In today's practical, we will have some fun with modern RL tools and software. We will explore some demos and
examples that illustrate the usefulness, interest (and fun) of RL algorithms and how easy it is to use them with modern software tools.

**NOTE:** This week's practical is merely a demonstration/tutorial. There is no assignment to hand-in. In part 2, we
will superficially explore some advanced topics in modern RL and see a concrete demo, but most of the content of this
 demo (models and environments) are beyond the scope of this course. Thus, you are not asked to understand the models used and you will not be evaluated about this content.

# 1. `OpenAI-gym`

We will start by going through the basics of [OpenAI Gym](https://www.gymlibrary.dev/index.html), the most popular choice to define environments and agent-environment interactions. It comes with a set of handy tools as well as pre-defined (classical) RL environments / tasks. The use of `gym` will come up several times during the practical exercises, so try to get an early grasp of the basic concepts involved (these will, of course, be explained in the coming weeks).

### 1.1. Let's look at a couple of example of a classic RL task: the `LunarLander` and the `CartPole` environments.

In [10]:
## make sure the version of installed Python (in your environment) is one of: Python 3.8, 3.9, 3.10, 3.11

##You may need to install some packages initially, 
## for Mac users, un-comment the following lines to complete the installation

#pip install gymnasium 
#pip install swig
#pip install 'gymnasium[box2d]'


#For Windows users, copy and run the following commands in the Anaconda terminal window
# pip install gymnasium 
# pip install swig
# pip install 'gymnasium[box2d]'

In [11]:
import gymnasium as gym
import matplotlib.pyplot as plt

In [12]:
# load the gym environment and set the render mode to "human" for us to visualize the outputs

env = gym.make("LunarLander-v2", render_mode="human")
# seed the action space and environment (so the results can be reproduced)
env.action_space.seed(42)
observation, info = env.reset(seed=42)
# randomly sample the action space (take random actions) to see how the environment looks like
for _ in range(1000):
	observation, reward, terminated, truncated, info = env.step(env.action_space.sample())
	if terminated or truncated:
		observation, info = env.reset()

env.close()

In [13]:
env = gym.make('CartPole-v1', render_mode="human")
env.action_space.seed(42)
observation, info = env.reset(seed=42)
for _ in range(1000):
	env.render()
	observation, reward, terminated, truncated, info = env.step(env.action_space.sample())
	if terminated:
		observation, info = env.reset()
env.close()

In [21]:
env = gym.make('BipedalWalker-v3', render_mode="human")
env.action_space.seed(42)
observation, info = env.reset(seed=42)
for _ in range(1000):
	env.render()
	observation, reward, terminated, truncated, info = env.step(env.action_space.sample())
	if terminated:
		observation, info = env.reset()
env.close()

KeyboardInterrupt: 

We can check the attributes and methods of the environments to understand what it is made of. I advise you to check
the official documentation and, for example, [this tutorial](https://www.gymlibrary.dev/content/basic_usage/) to gain a better insight into `gym` environments.

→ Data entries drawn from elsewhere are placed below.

lemma sharp_bounds_binary:
  assumes M: "model WW XX D" and card: "card WW = 2" and x: "x \<in> XX"
    and c: "L2 WW D x \<le> c" "c \<le> U2 WW D x"
  shows "\<exists>D'. model WW XX D' \<and> (\<forall>x'\<in>XX. observed D' x' = observed D x') \<and> pstar D' x = c"
proof -
  obtain w1 w2 where W: "WW = {w1, w2}" "w1 < w2"
  proof -
    obtain a b where "WW = {a, b}" "a \<noteq> b"
      using card unfolding card_2_iff by blast
    then show ?thesis
      using that[of a b] that[of b a] by (cases "a < b") (simp_all add: insert_commute)
  qed
  let ?q1 = "pW D x w1" and ?q2 = "pW D x w2"
  have q1: "0 < ?q1" "?q1 < 1"
    using pW_in_open_unit_interval[OF M x] W by simp_all
  have "0 \<le> c" "c \<le> 1" "?q2 - ?q1 \<le> c * (1 - ?q1)" "c * ?q1 \<le> ?q2"
    using c q1 unfolding L2_U2_binary[OF W q1] by (simp_all add: pos_divide_le_eq pos_le_divide_eq)
  note feasible = binary_cells_feasible[OF less_imp_le[OF q1(1)] less_imp_le[OF q1(2)] this]
  define v where "v w = (if w = w2 then c * ?q1 + max 0 (?q2 - ?q1) else c * ?q1)" for w
  have "\<exists>P. model WW {x} (\<lambda>_. P) \<and> map_pmf snd P = observed D x \<and> measure_pmf.prob P {z. fst z} = c"
  proof (rule exists_latent_model)
    show "finite WW" "W_support WW {x} D" "boundary WW {x} D"
      using M x W unfolding model_def W_support_def boundary_def by simp_all
    show "0 \<le> c" "c \<le> 1"
      by fact+
    show "c * pW D x w \<le> v w" "v w \<le> pW D x w" "v w \<le> c" if "w \<in> WW" for w
      using that W feasible unfolding v_def by auto
    show "v w' \<le> v w" "pW D x w - v w \<le> pW D x w' - v w'" if "w \<in> WW" "w' \<in> WW" "w' < w" for w w'
      using that W feasible unfolding v_def by auto
  qed
  then obtain P where "model WW {x} (\<lambda>_. P)" "map_pmf snd P = observed D x"
    "measure_pmf.prob P {z. fst z} = c"
    by blast
  then show ?thesis
    using model_fun_upd[OF M] unfolding observed_def pstar_def by (intro exI[of _ "D(x := P)"]) auto
qed

theorem proposition2:
  fixes WW :: "real set" and XX :: "'x set" and D :: "'x \<Rightarrow> cdist"
  assumes "finite WW" and "WW \<noteq> {}"
    and "W_support WW XX D"
    and "exclusion WW XX D"
    and "monotonicity WW XX D"
    and "degree_misrep WW XX D"
    and "boundary WW XX D"
  shows "(\<forall>x\<in>XX. L2 WW D x \<le> pstar D x \<and> pstar D x \<le> U2 WW D x)
    \<and> (card WW = 2 \<longrightarrow>
        (\<forall>x\<in>XX. \<forall>c. L2 WW D x \<le> c \<and> c \<le> U2 WW D x \<longrightarrow>
           (\<exists>D'. model WW XX D' \<and> (\<forall>x'\<in>XX. observed D' x' = observed D x')
                 \<and> pstar D' x = c)))"
proof -
  have M: "model WW XX D"
    unfolding model_def using assms by simp
  then show ?thesis
    using L2_le_pstar[OF assms(1,2) M] pstar_le_U2[OF assms(1,2) M] sharp_bounds_binary[OF M]
    by blast
qed

end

Particularly important are the state and action spaces:

In [14]:
obs_space = env.observation_space
action_space = env.action_space
print("The observation space: {}".format(obs_space))
print("The action space: {}".format(action_space))

The observation space: Box([-4.8000002e+00 -3.4028235e+38 -4.1887903e-01 -3.4028235e+38], [4.8000002e+00 3.4028235e+38 4.1887903e-01 3.4028235e+38], (4,), float32)
The action space: Discrete(2)


In the cartpole environment, the states are the (discretized / binned) position, velocity, pole angle and pole
angular velocity. There are only 2 possible actions: `move left` and `move right`. For more info on the task, see
[documentation](https://www.gymlibrary.dev/environments/classic_control/cart_pole/).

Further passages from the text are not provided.